The income tax rate corresponding to dividends or shares received by (i) foreign companies or other entities without a principal domicile in the country, (ii) natural persons without residence in Colombia and (iii) illiquid successions of deceased persons who were not residents in Colombia, is increased from 10% to 20%.
The discount in income tax for investments made in research, technological development or innovation is increased from 25% to 30%, in each case of the value invested in such projects in the taxable period in which the investment was made.
In February 2025, the Colombian government issued a decree containing temporary tax measures applicable from February 22, 2025 to December 31, 2025. Such decree imposes a stamp tax rate of 1.0% for public and private documents exceeding 6,000 Tax Value Units (approximately Ps. 1,373,517.90 as of December 31, 2024) that are subscribed, modified or extended and are granted or accepted in Colombia, or grated abroad but executed with Colombian jurisdiction. Several exemptions are applicable under certain circumstances. If the Colombia government decides to implement such tax measures on a permanent basis, relevant tax regulations will have to be amended accordingly.
Costa Rica
Until December 31, 2022, the producer or importer was responsible for collecting value-added taxes on carbonated beverages from supply chain participants, with an effective value-added tax rate for carbonated beverages of 15.8%. On January 1, 2023, a new tax reform came into effects to reintroduce the standard debt and credit system for producers, wholesalers, and retailers with a tax rate of 13.0%. Accordingly, our Costa Rican subsidiary is no longer responsible for collecting such tax throughout the entire supply chain.
Brazil
In early 2017, Brazil's Supreme Federal Court ruled that value-added tax would not be used as a basis for calculating federal sales tax, resulting in a reduction of federal sales tax. Our Brazilian subsidiaries initiated legal proceedings to determine their ability to calculate federal sales tax without using value-added tax as a basis, in accordance with the Federal Supreme Court's ruling, and obtained a favorable resolution in 2019. Brazilian tax authorities appealed the decision and the Brazilian Federal Supreme Court denied the appeal in May 2021. Pursuant to the favorable 2019 resolution, the average federal sales taxes was 14.6% on net sales in 2023 and 2024.
In December 2022, the Brazilian government published new transfer pricing rules which became effective as of January 1, 2024, aiming to align the Brazilian transfer pricing system with the transfer pricing guidelines recommended by the Organization for Economic Cooperation and Development ("OECD"). In addition, during 2023, the Brazilian government issued regulations to establish the guidelines required to comply with the new transfer pricing rules. As of the date of this report, no further regulations has been issued.

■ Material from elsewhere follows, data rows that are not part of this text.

theorem mainTheorem7:
  fixes V :: "'a set" and E :: "'a \<Rightarrow> 'a \<Rightarrow> bool"
    and P LC RC :: "'a \<Rightarrow> 'a option" and chi :: "'a \<Rightarrow> color"
    and k l :: nat and c :: 'a
  assumes "simple_graph V E"
    and "colored_tree_labeling V E P LC RC chi"
    and "k \<ge> 1" and "2 \<le> l" and "l \<le> k"
    and "c \<in> V" and "level RC c = enat l"
    and light: "real (card (with_descendants P LC RC k (same_level_comp P LC RC k c)))
                  \<le> real (card V) powr (real l / real k)"
  shows "real (card {v \<in> same_level_comp P LC RC k c.
            \<exists>u. RC v = Some u \<and> gk_edge P LC RC k v u \<and>
                real (card (with_descendants P LC RC k (same_level_comp P LC RC k u)))
                  > real (card V) powr ((real l - 1) / real k)})
         \<le> real (card V) powr (1 / real k)"
    (is "real (card ?S) \<le> _")
proof (rule card_le_of_disjoint_heavy_subsets)
  let ?C = "same_level_comp P LC RC k c"
  let ?H = "\<lambda>v. with_descendants P LC RC k (same_level_comp P LC RC k (the (RC v)))"
  have CV: "?C \<subseteq> V"
    using same_level_comp_subset_V[OF assms(1,2,6)] .
  have finV: "finite V"
    using assms(1) by (simp add: simple_graph_def)
  show "finite (with_descendants P LC RC k ?C)"
    using with_descendants_subset_V[OF assms(1,2) CV] finV by (rule finite_subset)
  show "finite ?S"
    using CV finV by (auto intro: finite_subset)
  show "?H v \<subseteq> with_descendants P LC RC k ?C" if "v \<in> ?S" for v
    using that CV level_right_child_less[OF assms(2)] right_child_descendants_subset by fastforce
  show "disjoint_family_on ?H ?S"
    by (rule disjoint_family_on_mono[OF _ right_children_descendants_disjoint[OF assms(1,2,6)]]) auto
  show "real (card V) powr ((real l - 1) / real k) < real (card (?H v))" if "v \<in> ?S" for v
    using that by auto
  show "real (card (with_descendants P LC RC k ?C))
      \<le> real (card V) powr ((real l - 1) / real k) * real (card V) powr (1 / real k)"
    using light by (simp add: powr_add[symmetric] add_divide_distrib[symmetric])
  show "0 < real (card V) powr ((real l - 1) / real k)"
    using assms(6) finV card_gt_0_iff by fastforce
qed

end
(* Let $\mathcal{A}$ be a finite set, $d\ge1$, and let $\mathcal{M}=\{(\mu_i,D_i)\}_{i=1}^\infty$ be locally mixing with $D_i\uparrow\mathbb{Z}^d$ as $i\to\infty$ (each $\mu_i$ a probability measure on $\mathcal{A}^{D_i}$). Then $\mu_i$ converges as $i\to\infty$ (in the sense of convergence of the marginals on every finite set) to a probability measure $\mu$ on $\mathcal{A}^{\mathbb{Z}^d}$, and $\mu$ is locally mixing with the same rate function.
   Context: A rate function is a decreasing function $\rho:\mathbb{N}\to[0,\infty)$ with $\rho(k)\to0$ as $k\to\infty$. Let $\Lambda_n=[-n,n]^d\cap\mathbb{Z}^d$. Let $\mathcal{M}$ be a collection of pairs $(\mu,D)$ with $D\subset\mathbb{Z}^d$ (possibly infinite) and $\mu$ a probability measure on $\mathcal{A}^D$. $\mathcal{M}$ is locally mixing with rate function $\rho$ if for every $n\ge1$ and all $(\mu,D),(\mu',D')\in\mathcal{M}$ with $\Lambda_n\subset D\cap D'$ there exists a coupling of $f\sim\mu$ and $f'\sim\mu'$ such that (1) $f|_{D\setminus\Lambda_n}$ and $f'$ are independent, and (2) $\mathbb{P}(f(v)\neq f'(v))\le\rho(n-k)$ for every $0\le k\le n$ and every $v\in\Lambda_k$. $\mathcal{M}$ is locally mixing if it is locally mixing with some rate function. A single measure $\mu$ on $\mathcal{A}^{\mathbb{Z}^d}$ is locally mixing (with rate $\rho$) if $\{(\mu,\mathbb{Z}^d)\}$ is. *)

theory Defs
  imports "HOL-Probability.Probability"
begin

text \<open>Sites of the lattice Z^d are vectors int ^ 'd with 'd a finite index type
  (d = CARD('d) >= 1). The alphabet is a finite type 'a.\<close>

definition box :: "nat \<Rightarrow> (int ^ 'd::finite) set" where
  "box n = {v. \<forall>i. \<bar>v $ i\<bar> \<le> int n}"

definition config_space :: "(int ^ 'd::finite) set \<Rightarrow> ((int ^ 'd) \<Rightarrow> 'a) measure" where
  "config_space D = PiM D (\<lambda>_. count_space UNIV)"

definition rate_function :: "(nat \<Rightarrow> real) \<Rightarrow> bool" where
  "rate_function \<rho> \<longleftrightarrow> antimono \<rho> \<and> (\<forall>k. 0 \<le> \<rho> k) \<and> \<rho> \<longlonglongrightarrow> 0"

definition is_coupling ::
  "((int ^ 'd::finite \<Rightarrow> 'a) \<times> (int ^ 'd \<Rightarrow> 'a)) measure \<Rightarrow>
   (int ^ 'd \<Rightarrow> 'a) measure \<Rightarrow> (int ^ 'd) set \<Rightarrow>
   (int ^ 'd \<Rightarrow> 'a) measure \<Rightarrow> (int ^ 'd) set \<Rightarrow> bool" where
  "is_coupling \<nu> \<mu> D \<mu>' D' \<longleftrightarrow>
     prob_space \<nu> \<and> sets \<nu> = sets (config_space D \<Otimes>\<^sub>M config_space D') \<and>
     distr \<nu> (config_space D) fst = \<mu> \<and> distr \<nu> (config_space D') snd = \<mu>'"

definition locally_mixing_with ::
  "((int ^ 'd::finite \<Rightarrow> 'a) measure \<times> (int ^ 'd) set) set \<Rightarrow> (nat \<Rightarrow> real) \<Rightarrow> bool" where
  "locally_mixing_with M \<rho> \<longleftrightarrow> rate_function \<rho> \<and>
    (\<forall>n\<ge>1. \<forall>(\<mu>, D)\<in>M. \<forall>(\<mu>', D')\<in>M. box n \<subseteq> D \<inter> D' \<longrightarrow>
       (\<exists>\<nu>. is_coupling \<nu> \<mu> D \<mu>' D' \<and>
          prob_space.indep_var \<nu>
             (config_space (D - box n)) (\<lambda>p. restrict (fst p) (D - box n))
             (config_space D') snd \<and>
          (\<forall>k\<le>n. \<forall>v\<in>box k.
             measure \<nu> {p \<in> space \<nu>. fst p v \<noteq> snd p v} \<le> \<rho> (n - k))))"

definition locally_mixing ::
  "((int ^ 'd::finite \<Rightarrow> 'a) measure \<times> (int ^ 'd) set) set \<Rightarrow> bool" where
  "locally_mixing M \<longleftrightarrow> (\<exists>\<rho>. locally_mixing_with M \<rho>)"

end

theory Submission
  imports Defs "HOL-Library.Diagonal_Subsequence"
begin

In March 2023, the value-added tax rate in the state of Paraná increased from 16.0% to 18.0%. As of January 1, 2024, the value-added tax rate in the state of Rio Grande do Sul was 18.0%. In April 2024, the value added tax rate in the state of Goias increased from 17.0% to 19.0%. On January 1, 2024, the state of Minas Gerais began to apply an additional charge of 2.0% on sales as a contribution to a poverty eradication fund.
In December 2024, the Brazilian government published law #15.079, which established the Additional Social Contribution on Net Profit (“Additional CSLL”) and introduces the Qualified Minimum Domestic Complementary Tax (“QDMTT”) method, in alignment with the OECD's Pillar 2 initiative. This additional CSLL aims to guarantee a minimum taxation of 15.0% for large multinational groups and began applying in January 2025, with the first payment to be made in 2026.
In December 2023, the Brazilian government published an interim measure establishing the amount of tax credits subject to a final and unrepealable judicial decision, pursuant to which any credit exceeding 10 million Brazilian reais (approximately Ps 33.7 million as of December 31, 2024) can only be applied on a monthly basis up to 1/60 of the total value of the tax credit. The interim measure was signed into law in May 2024.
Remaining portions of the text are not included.